Sama halnya dengan feminitas, bahasa juga merupakan sebuah konstruksi
sosial. Pilihan kata yang sering dipakai untuk laki-laki dan perempuan berbeda. Misalnya, perempuan diasosiasikan dengan kata sifat emosional dan pemalu, yang
jarang disebutkan pada laki-laki. Peran tersebut merupakan konstruksi sosial dan
budaya yang merepresentasi kondisi dan situasi masyarakat pengguna bahasa
tersebut (Udasmoro, 2009:20).
Mengutip jurnal yang ditulis oleh Emy Rahmawati dengan judul Melihat
Representasi Wanita dan Pergerakan Feminisme dalam Media Sampul Album
14
Penyanyi Wanita Indonesia pada Masa ke Masa (dari 3 Generasi) Analisis
Semiotik dalam Jurnal Perempuan, feminitas berkembang dalam masyarakat
sebagai sebuah stereotipe yang melekat pada perempuan, bagaimana seharusnya
perempuan berperilaku dan bertindak. Bagi para perempuan modern menjadi
feminin hanyalah salah satu performa untuk mencapai tujuan tertentu. Namun,
tidak serta merta menghilangkan cara pikir tradisional mengenai perempuan. Karena, ketika perempuan berpakaian atau bertindak melawan persepsi
tradisional, ia akan dikritik sebagai perempuan yang tidak feminin (lack of
femininity) (Gauntlett, 2002:10).
3.YouTube sebagai Media Baru (Media Sosial)
Istilah media baru dapat dikatakan lahir seiring dengan masuknya era
digital pada teknologi informasi dan komunikasi di akhir abad ke-20. Era digital
ditandai juga dengan munculnya teknologi internet. Terry Flew
mengklasifikasikan media digital sebagai media yang kontennya berbentuk
gabungan data, teks, suara, dan berbagai jenis gambar yang disimpan dalam
format digital dan disebarlluaskan melalui jaringan kabel optik broadband, satelit,
dan sistem transmisi gelombang mikro (Flew, 2008:2-3).

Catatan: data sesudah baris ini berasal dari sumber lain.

(* Let $M$ be a Hausdorff space satisfying the first axiom of countability and the Lindelöf condition (every open cover has a countable subcover), and let $\mathcal{B}(M)$ be the $\sigma$-algebra of Borel subsets of $M$. A subset $\mathfrak{p}\subseteq\mathcal{B}(M)$ is a point in $\mathcal{B}(M)$ if and only if there is $x\in M$ with $\mathfrak{p}=\{A\in\mathcal{B}(M): x\in A\}$ (i.e. $\mathfrak{p}$ is an atomic quasipoint of $\mathcal{B}(M)$).
   Context: A point in the $\sigma$-complete lattice $\mathcal{B}(M)$ (lattice operations: union and intersection) is a nonempty subset $\mathfrak{p}$ such that: (1) $\emptyset\notin\mathfrak{p}$; (2) $A,B\in\mathfrak{p}\Rightarrow A\cap B\in\mathfrak{p}$; (3) $A\in\mathfrak{p}$, $A\subseteq B\in\mathcal{B}(M)\Rightarrow B\in\mathfrak{p}$; (4) for every countable family $(A_n)$ in $\mathcal{B}(M)$ with $\bigcup_n A_n\in\mathfrak{p}$ there is $n$ with $A_n\in\mathfrak{p}$. *)

theory Defs
  imports "HOL-Analysis.Analysis" "HOL-Probability.Probability"
begin

text \<open>Countable families
are indexed by nat (finite nonempty families can be padded by repetition).\<close>
definition sigma_point :: "'a set set \<Rightarrow> 'a set set \<Rightarrow> bool" where
  "sigma_point L p \<longleftrightarrow>
     p \<subseteq> L \<and> p \<noteq> {} \<and> {} \<notin> p \<and>
     (\<forall>A\<in>p. \<forall>B\<in>p. A \<inter> B \<in> p) \<and>
     (\<forall>A\<in>p. \<forall>B\<in>L. A \<subseteq> B \<longrightarrow> B \<in> p) \<and>
     (\<forall>F :: nat \<Rightarrow> 'a set. range F \<subseteq> L \<and> \<Union>(range F) \<in> p \<longrightarrow> (\<exists>n. F n \<in> p))"

end

theory Submission
  imports Defs
begin

text \<open>Suppose no x has all its open neighbourhoods in the point p.  Then the open sets
outside p cover M, by the Lindelof property countably many of them do, and countable
primeness puts one of them in p, a contradiction.  So p contains every neighbourhood of
some x.  If (B i) is a countable neighbourhood base at x, the T1 property makes the
closed sets {x} and - B i a countable cover of M; as B i \<in> p excludes - B i \<in> p,
countable primeness gives {x} \<in> p, and a point containing {x} is the principal one.\<close>

lemma sigma_pointD:
  assumes "sigma_point L p"
  shows "p \<subseteq> L" "p \<noteq> {}" "{} \<notin> p"
    and "A \<in> p \<Longrightarrow> B \<in> p \<Longrightarrow> A \<inter> B \<in> p"
    and "A \<in> p \<Longrightarrow> B \<in> L \<Longrightarrow> A \<subseteq> B \<Longrightarrow> B \<in> p"
    and "range (F :: nat \<Rightarrow> _) \<subseteq> L \<Longrightarrow> \<Union>(range F) \<in> p \<Longrightarrow> \<exists>n. F n \<in> p"
  using assms unfolding sigma_point_def by simp_all

lemma sigma_point_principal:
  assumes "sigma_algebra \<Omega> L" and "x \<in> \<Omega>"
  shows "sigma_point L {A \<in> L. x \<in> A}"
proof -
  interpret sigma_algebra \<Omega> L by fact
  show ?thesis
    unfolding sigma_point_def using assms(2) by auto
qed

lemma sigma_point_countable_Union:
  assumes p: "sigma_point L p"
    and \<U>: "countable \<U>" "\<U> \<subseteq> L" "\<Union>\<U> \<in> p"
  shows "\<exists>U\<in>\<U>. U \<in> p"
proof -
  have "\<U> \<noteq> {}"
    using sigma_pointD(3)[OF p] \<U>(3) by auto
  then have range_eq: "range (from_nat_into \<U>) = \<U>"
    using \<U>(1) by (rule range_from_nat_into)
  then obtain n where "from_nat_into \<U> n \<in> p"
    using sigma_pointD(6)[OF p, of "from_nat_into \<U>"] \<U>(2,3) by auto
  then show ?thesis
    using range_eq by blast
qed

lemma sigma_point_principal_if_singleton:
  assumes p: "sigma_point L p" and x: "{x} \<in> p"
  shows "p = {A \<in> L. x \<in> A}"
proof (intro set_eqI iffI)
  fix A assume "A \<in> p"
  then have "A \<inter> {x} \<in> p"
    using sigma_pointD(4)[OF p _ x] by blast
  then have "x \<in> A"
    using sigma_pointD(3)[OF p] by (cases "x \<in> A") auto
  then show "A \<in> {A \<in> L. x \<in> A}"
    using sigma_pointD(1)[OF p] \<open>A \<in> p\<close> by blast
next
  fix A assume "A \<in> {A \<in> L. x \<in> A}"
  then show "A \<in> p"
    using sigma_pointD(5)[OF p x, of A] by simp
qed

lemma sigma_point_contains_nhds_if_Lindelof:
  fixes p :: "'a :: topological_space set set"
  assumes Lindelof: "Lindelof_space (euclidean :: 'a topology)"
    and p: "sigma_point L p"
    and open_in_L: "\<And>U. open U \<Longrightarrow> U \<in> L"
  shows "\<exists>x. \<forall>U. open U \<longrightarrow> x \<in> U \<longrightarrow> U \<in> p"
proof (rule ccontr)
  assume "\<nexists>x. \<forall>U. open U \<longrightarrow> x \<in> U \<longrightarrow> U \<in> p"
  then obtain N where N: "\<And>x. open (N x)" "\<And>x. x \<in> N x" "\<And>x. N x \<notin> p"
    by metis
  have "\<Union>(range N) = UNIV"
    using N(2) by blast
  then obtain \<V> where \<V>: "countable \<V>" "\<V> \<subseteq> range N" "\<Union>\<V> = UNIV"
    using Lindelof_spaceD[OF Lindelof, of "range N"] N(1) by force
  obtain A where "A \<in> p"
    using sigma_pointD(2)[OF p] by blast
  then have "UNIV \<in> p"
    using sigma_pointD(5)[OF p _ open_in_L[OF open_UNIV]] by blast
  moreover have "\<V> \<subseteq> L"
    using \<V>(2) N(1) open_in_L by blast
  ultimately obtain U where "U \<in> \<V>" "U \<in> p"
    using sigma_point_countable_Union[OF p \<V>(1)] \<V>(3) by auto
  then show False
    using \<V>(2) N(3) by blast
qed

lemma sigma_point_singleton_if_contains_nhds:
  fixes p :: "'a :: {t1_space, first_countable_topology} set set"
  assumes p: "sigma_point L p"
    and closed_in_L: "\<And>C. closed C \<Longrightarrow> C \<in> L"
    and nhds: "\<And>U. open U \<Longrightarrow> x \<in> U \<Longrightarrow> U \<in> p"
  shows "{x} \<in> p"
proof -
  obtain \<A> where \<A>: "countable \<A>" "\<And>A. A \<in> \<A> \<Longrightarrow> x \<in> A" "\<And>A. A \<in> \<A> \<Longrightarrow> open A"
    "\<And>S. open S \<Longrightarrow> x \<in> S \<Longrightarrow> \<exists>A\<in>\<A>. A \<subseteq> S"
    using first_countable_basisE[of x] by blast
  define \<U> where "\<U> = insert {x} (uminus ` \<A>)"
  have "countable \<U>"
    using \<A>(1) unfolding \<U>_def by simp
  moreover have "\<U> \<subseteq> L"
    using closed_in_L[OF closed_singleton] closed_in_L[OF closed_Compl[OF \<A>(3)]]
    unfolding \<U>_def by blast
  moreover have "\<Union>\<U> = UNIV"
  proof -
    have "y \<in> \<Union>\<U>" if "y \<noteq> x" for y
    proof -
      obtain S where "open S" "x \<in> S" "y \<notin> S"
        using t1_space[OF \<open>y \<noteq> x\<close>[symmetric]] by blast
      then obtain A where "A \<in> \<A>" "y \<notin> A"
        using \<A>(4) by blast
      then show ?thesis
        unfolding \<U>_def by blast
    qed
    then show ?thesis
      unfolding \<U>_def by blast
  qed
  moreover have "UNIV \<in> p"
    using nhds[OF open_UNIV] by simp
  ultimately obtain U where "U \<in> \<U>" "U \<in> p"
    using sigma_point_countable_Union[OF p] by metis
  moreover have "- A \<notin> p" if "A \<in> \<A>" for A
  proof
    assume "- A \<in> p"
    then have "- A \<inter> A \<in> p"
      using sigma_pointD(4)[OF p _ nhds[OF \<A>(3,2)[OF that]]] by blast
    then show False
      using sigma_pointD(3)[OF p] by simp
  qed
  ultimately show ?thesis
    unfolding \<U>_def by blast
qed

theorem proposition3p26:
  fixes p :: "'a :: {t2_space, first_countable_topology} set set"
  assumes "Lindelof_space (euclidean :: 'a topology)"
  shows "sigma_point (sets (borel :: 'a measure)) p \<longleftrightarrow>
         (\<exists>x. p = {A \<in> sets (borel :: 'a measure). x \<in> A})"
proof
  assume p: "sigma_point (sets (borel :: 'a measure)) p"
  obtain x where "\<And>U. open U \<Longrightarrow> x \<in> U \<Longrightarrow> U \<in> p"
    using sigma_point_contains_nhds_if_Lindelof[OF assms p borel_open] by blast
  then have "{x} \<in> p"
    using sigma_point_singleton_if_contains_nhds[OF p borel_closed] by blast
  then show "\<exists>x. p = {A \<in> sets borel. x \<in> A}"
    using sigma_point_principal_if_singleton[OF p] by blast
next
  assume "\<exists>x. p = {A \<in> sets (borel :: 'a measure). x \<in> A}"
  then show "sigma_point (sets borel) p"
    using sigma_point_principal[OF sets.sigma_algebra_axioms, of _ borel] by auto
qed

end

Meski demikian, Eugine Siapera (2012) dalam bukunya berjudul
Understanding New Media mengatakan bahwa belum ada elaborasi yang dapat
menunjukkan perbedaan antara konsep media baru dengan media lama terlepas
dari perbedaan umur keduanya. Kegagalan para ilmuwan dalam memberikan
batasan-batasan definitif secara spesifik, membuat kita akhirnya secara sembarang
menyuntikkan atribut-atribut teknologis seperti digital, internet, daring dan lain
sebagainya yang mengakibatkan kurang dalamnya pemahaman konsep tentang
media baru tersebut.
15
Sementara itu, Lev Manovic (2001) dalam bukunya berjudul The
Language of New Media, menjelaskan bahwa atribut internet dan digital porsinya
hanyalah sebagian dan belum dapat menjelaskan secara utuh konsepsi media baru
itu sendiri. Lev Manovic lebih melihat media baru sebagai hasil dari
penggabungan antara logika komputasi dengan logika keilmuan yang mampu
memberikan keunikan dan pada akhirnya membentuk karakter media baru.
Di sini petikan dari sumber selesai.